NINEWAH PROVINCE // Efforts to control Iraq’s border with Syria are being undermined by a shortage of manpower and money as well as police collaboration with insurgents, according to officers in the Iraqi security forces.
A critical 400km section of the desert frontier in Ninewah province, northern Iraq, near Mosul, is currently being guarded by a 3,600-man detachment of the Iraqi Border Patrol (IBP). Despite long-running concerns about Islamic militants crossing into Iraq and an ongoing diplomatic crisis between Baghdad and Damascus over claims of Syrian support for insurgents, Iraqi commanders in the area say they remain significantly under resourced.

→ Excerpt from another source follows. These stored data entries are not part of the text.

(* On the rose graph all three walks have the same shape: from the hub they move to one of its
   2m neighbours uniformly, from the node opposite the hub they move to either side with
   probability 1/2, and from a neighbour of the hub they return to it with a probability p that
   depends on the walk: p = 1/2 for TURW, p = m/(m+1) for MERW (the Perron vector is proportional
   to 2m at the hub, sqrt(2m+2) next to it and 2 opposite to it) and p = m/(m + sqrt(2m-1)) for
   NBCRW (the leading eigenvalue is (2m-1)^(1/4) and the eigenvector grows geometrically along
   each petal).  Hitting times of a fixed target are the solution of h = 1 + P h off the target,
   which by symmetry has only a handful of distinct entries; summing them gives the mean hitting
   time as a rational function of m and p, into which the three values of p are substituted. *)

section \<open>Hitting times as solutions of a linear system\<close>

primrec restricted_iter :: "(nat \<Rightarrow> nat \<Rightarrow> real) \<Rightarrow> nat set \<Rightarrow> (nat \<Rightarrow> real) \<Rightarrow> nat \<Rightarrow> nat \<Rightarrow> real" where
  "restricted_iter P W h 0 k = h k"
| "restricted_iter P W h (Suc n) k = (\<Sum>l\<in>W. P k l * restricted_iter P W h n l)"

text \<open>\<open>survival P W n k\<close> is the probability that the walk started at \<open>k\<close> stays in \<open>W\<close> for
  \<open>n\<close> steps.\<close>
abbreviation survival :: "(nat \<Rightarrow> nat \<Rightarrow> real) \<Rightarrow> nat set \<Rightarrow> nat \<Rightarrow> nat \<Rightarrow> real" where
  "survival P W \<equiv> restricted_iter P W (\<lambda>_. 1)"

lemma restricted_iter_nonneg:
  assumes "\<And>k l. k \<in> W \<Longrightarrow> l \<in> W \<Longrightarrow> P k l \<ge> 0" and "\<And>k. k \<in> W \<Longrightarrow> h k \<ge> 0" and "k \<in> W"
  shows "restricted_iter P W h n k \<ge> 0"
  using assms(3) by (induction n arbitrary: k) (auto intro!: sum_nonneg mult_nonneg_nonneg assms(1,2))

lemma restricted_iter_mono:
  assumes "\<And>k l. k \<in> W \<Longrightarrow> l \<in> W \<Longrightarrow> P k l \<ge> 0" and "\<And>k. k \<in> W \<Longrightarrow> h k \<le> g k" and "k \<in> W"
  shows "restricted_iter P W h n k \<le> restricted_iter P W g n k"
  using assms(3) by (induction n arbitrary: k) (auto intro!: sum_mono mult_left_mono assms(1,2))

lemma restricted_iter_scale:
  "restricted_iter P W (\<lambda>k. c * h k) n k = c * restricted_iter P W h n k"
  by (induction n arbitrary: k) (simp_all add: sum_distrib_left algebra_simps)

lemma survival_antimono:
  assumes "\<And>k l. k \<in> W \<Longrightarrow> l \<in> W \<Longrightarrow> P k l \<ge> 0" and "\<And>k. k \<in> W \<Longrightarrow> (\<Sum>l\<in>W. P k l) \<le> 1"
    and "k \<in> W"
  shows "survival P W (Suc n) k \<le> survival P W n k"
  using assms(3)
proof (induction n arbitrary: k)
  case 0
  then show ?case using assms(2) by simp
next
  case (Suc n)
  then show ?case by (auto intro!: sum_mono mult_left_mono assms(1))
qed

lemma restricted_iter_expansion:
  assumes "\<And>k. k \<in> W \<Longrightarrow> h k = 1 + (\<Sum>l\<in>W. P k l * h l)" and "k \<in> W"
  shows "h k = (\<Sum>n<N. survival P W n k) + restricted_iter P W h N k"
  using assms(2)
proof (induction N arbitrary: k)
  case 0
  then show ?case by simp
next
  case (Suc N)
  have "h k = 1 + (\<Sum>l\<in>W. P k l * ((\<Sum>n<N. survival P W n l) + restricted_iter P W h N l))"
    using assms(1)[OF Suc.prems] Suc.IH by (simp cong: sum.cong)
  also have "\<dots> = 1 + (\<Sum>n<N. survival P W (Suc n) k) + restricted_iter P W h (Suc N) k"
    by (simp add: distrib_left sum.distrib sum_distrib_left sum.swap[of _ W])
  also have "\<dots> = (\<Sum>n<Suc N. survival P W n k) + restricted_iter P W h (Suc N) k"
    by (subst sum.lessThan_Suc_shift) simp
  finally show ?case .
qed

text \<open>The tail of the expansion is squeezed between 0 and a multiple of the survival probability,
  which tends to 0 because it is summable.\<close>
lemma survival_sums_solution:
  assumes "finite W" and Pnn: "\<And>k l. k \<in> W \<Longrightarrow> l \<in> W \<Longrightarrow> P k l \<ge> 0"
    and hnn: "\<And>k. k \<in> W \<Longrightarrow> h k \<ge> 0" and heq: "\<And>k. k \<in> W \<Longrightarrow> h k = 1 + (\<Sum>l\<in>W. P k l * h l)"
    and i: "i \<in> W"
  shows "(\<lambda>n. survival P W n i) sums h i"
proof -
  define c where "c = Max (h ` W)"
  have tail_nonneg: "restricted_iter P W h n i \<ge> 0" for n
    using restricted_iter_nonneg[OF Pnn hnn i] .
  have tail_le: "restricted_iter P W h n i \<le> c * survival P W n i" for n
  proof -
    have "restricted_iter P W h n i \<le> restricted_iter P W (\<lambda>_. c * 1) n i"
      by (rule restricted_iter_mono[OF Pnn _ i]) (simp_all add: c_def assms(1))
    then show ?thesis by (simp only: restricted_iter_scale)
  qed
  have sm: "summable (\<lambda>n. survival P W n i)"
  proof (rule summableI_nonneg_bounded)
    show "0 \<le> survival P W n i" for n by (rule restricted_iter_nonneg[OF Pnn]) (simp_all add: i)
    show "(\<Sum>k<n. survival P W k i) \<le> h i" for n
      using restricted_iter_expansion[OF heq i, of n] tail_nonneg[of n] by linarith
  qed
  have "(\<lambda>n. restricted_iter P W h n i) \<longlonglongrightarrow> 0"
  proof (rule tendsto_sandwich[where f = "\<lambda>_. 0" and h = "\<lambda>n. c * survival P W n i"])
    show "\<forall>\<^sub>F n in sequentially. 0 \<le> restricted_iter P W h n i" using tail_nonneg by simp
    show "\<forall>\<^sub>F n in sequentially. restricted_iter P W h n i \<le> c * survival P W n i"
      using tail_le by simp
    show "(\<lambda>n. c * survival P W n i) \<longlonglongrightarrow> 0"
      by (rule tendsto_mult_right_zero[OF summable_LIMSEQ_zero[OF sm]])
  qed simp
  then have "(\<lambda>N. h i - restricted_iter P W h N i) \<longlonglongrightarrow> h i - 0"
    by (intro tendsto_diff tendsto_const)
  moreover have "(\<lambda>N. h i - restricted_iter P W h N i) = (\<lambda>N. \<Sum>n<N. survival P W n i)"
    using restricted_iter_expansion[OF heq i] by (intro ext) (simp add: algebra_simps)
  ultimately show ?thesis by (simp add: sums_def)
qed

lemma LIMSEQ_real_times_antimono_summable:
  fixes a :: "nat \<Rightarrow> real"
  assumes nonneg: "\<And>n. a n \<ge> 0" and antimono: "\<And>n. a (Suc n) \<le> a n" and "summable a"
  shows "(\<lambda>n. real n * a n) \<longlonglongrightarrow> 0"
proof (rule LIMSEQ_I)
  fix e :: real assume "e > 0"
  with \<open>summable a\<close> obtain N0 where N0: "\<And>m n. m \<ge> N0 \<Longrightarrow> norm (sum a {m..<n}) < e/2"
    unfolding summable_Cauchy by (metis half_gt_zero)
  have anti: "a n \<le> a j" if "j \<le> n" for j n
    using that by (induction n) (auto simp: le_Suc_eq intro: order_trans[OF antimono])
  show "\<exists>no. \<forall>n\<ge>no. norm (real n * a n - 0) < e"
  proof (intro exI allI impI)
    fix n assume n: "n \<ge> 2*N0"
    define k where "k = n div 2"
    \<comment> \<open>the second half of the first \<open>n\<close> terms already dominates \<open>n a\<^sub>n / 2\<close>\<close>
    have "real (n - k) * a n = (\<Sum>i\<in>{k..<n}. a n)" by simp
    also have "\<dots> \<le> sum a {k..<n}" by (rule sum_mono) (auto intro: anti)
    also have "\<dots> < e/2" using N0[of k n] n by (simp add: k_def sum_nonneg nonneg)
    finally have "real (n - k) * a n < e/2" .
    moreover have "real n * a n \<le> 2 * real (n - k) * a n"
      using nonneg[of n] by (intro mult_right_mono) (auto simp: k_def)
    ultimately show "norm (real n * a n - 0) < e" using nonneg[of n] by simp
  qed
qed

lemma sum_index_times_diff:
  fixes f S :: "nat \<Rightarrow> real"
  assumes "\<And>n. f (Suc n) = S n - S (Suc n)"
  shows "(\<Sum>n<Suc N. real n * f n) = (\<Sum>n<N. S n) - real N * S N"
  by (induction N) (simp_all add: assms algebra_simps)

lemma sums_index_times_diff:
  fixes f S :: "nat \<Rightarrow> real"
  assumes "\<And>n. f (Suc n) = S n - S (Suc n)" and "S sums s" and "(\<lambda>n. real n * S n) \<longlonglongrightarrow> 0"
  shows "(\<lambda>n. real n * f n) sums s"
proof -
  have "(\<lambda>N. (\<Sum>n<N. S n) - real N * S N) \<longlonglongrightarrow> s - 0"
    using assms(2,3) by (intro tendsto_diff) (simp_all add: sums_def)
  hence "(\<lambda>N. \<Sum>n<Suc N. real n * f n) \<longlonglongrightarrow> s"
    using sum_index_times_diff[of f S] assms(1) by simp
  then show ?thesis unfolding sums_def by (rule LIMSEQ_imp_Suc)
qed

“We have a shortage of soldiers in the border patrol. We need an extra 700 to 1,000 to be able to do our job properly and they probably need better pay. At the moment a basic border patrol officer earns about US$420 [Dh1,500] a month. It’s not enough,” said Lt Col Rashid Hassan al Raskani, a battalion commander in the IBP in Ninewah.
Corruption is rife in Iraq, with security officials complaining that insurgents routinely bribe their way through checkpoints or out of police custody. Low salaries are partly to blame and reduced Iraqi government budgets, a result of oil prices that have tumbled from just over US$145 (Dh533) a barrel last July to just under $70 now, have done nothing to help the situation.
Lt Col al Raskani, who has served on the Iraq-Syria frontier since 2004, said while the security situation had improved in recent years, foreign Islamic militants were still entering Iraq and carrying out high-casualty attacks.
“No border in the world is totally secure and Iraq’s border with Syria is no different,” he said in an interview. “Every day we conduct patrols and operations and we catch smugglers and terrorists.”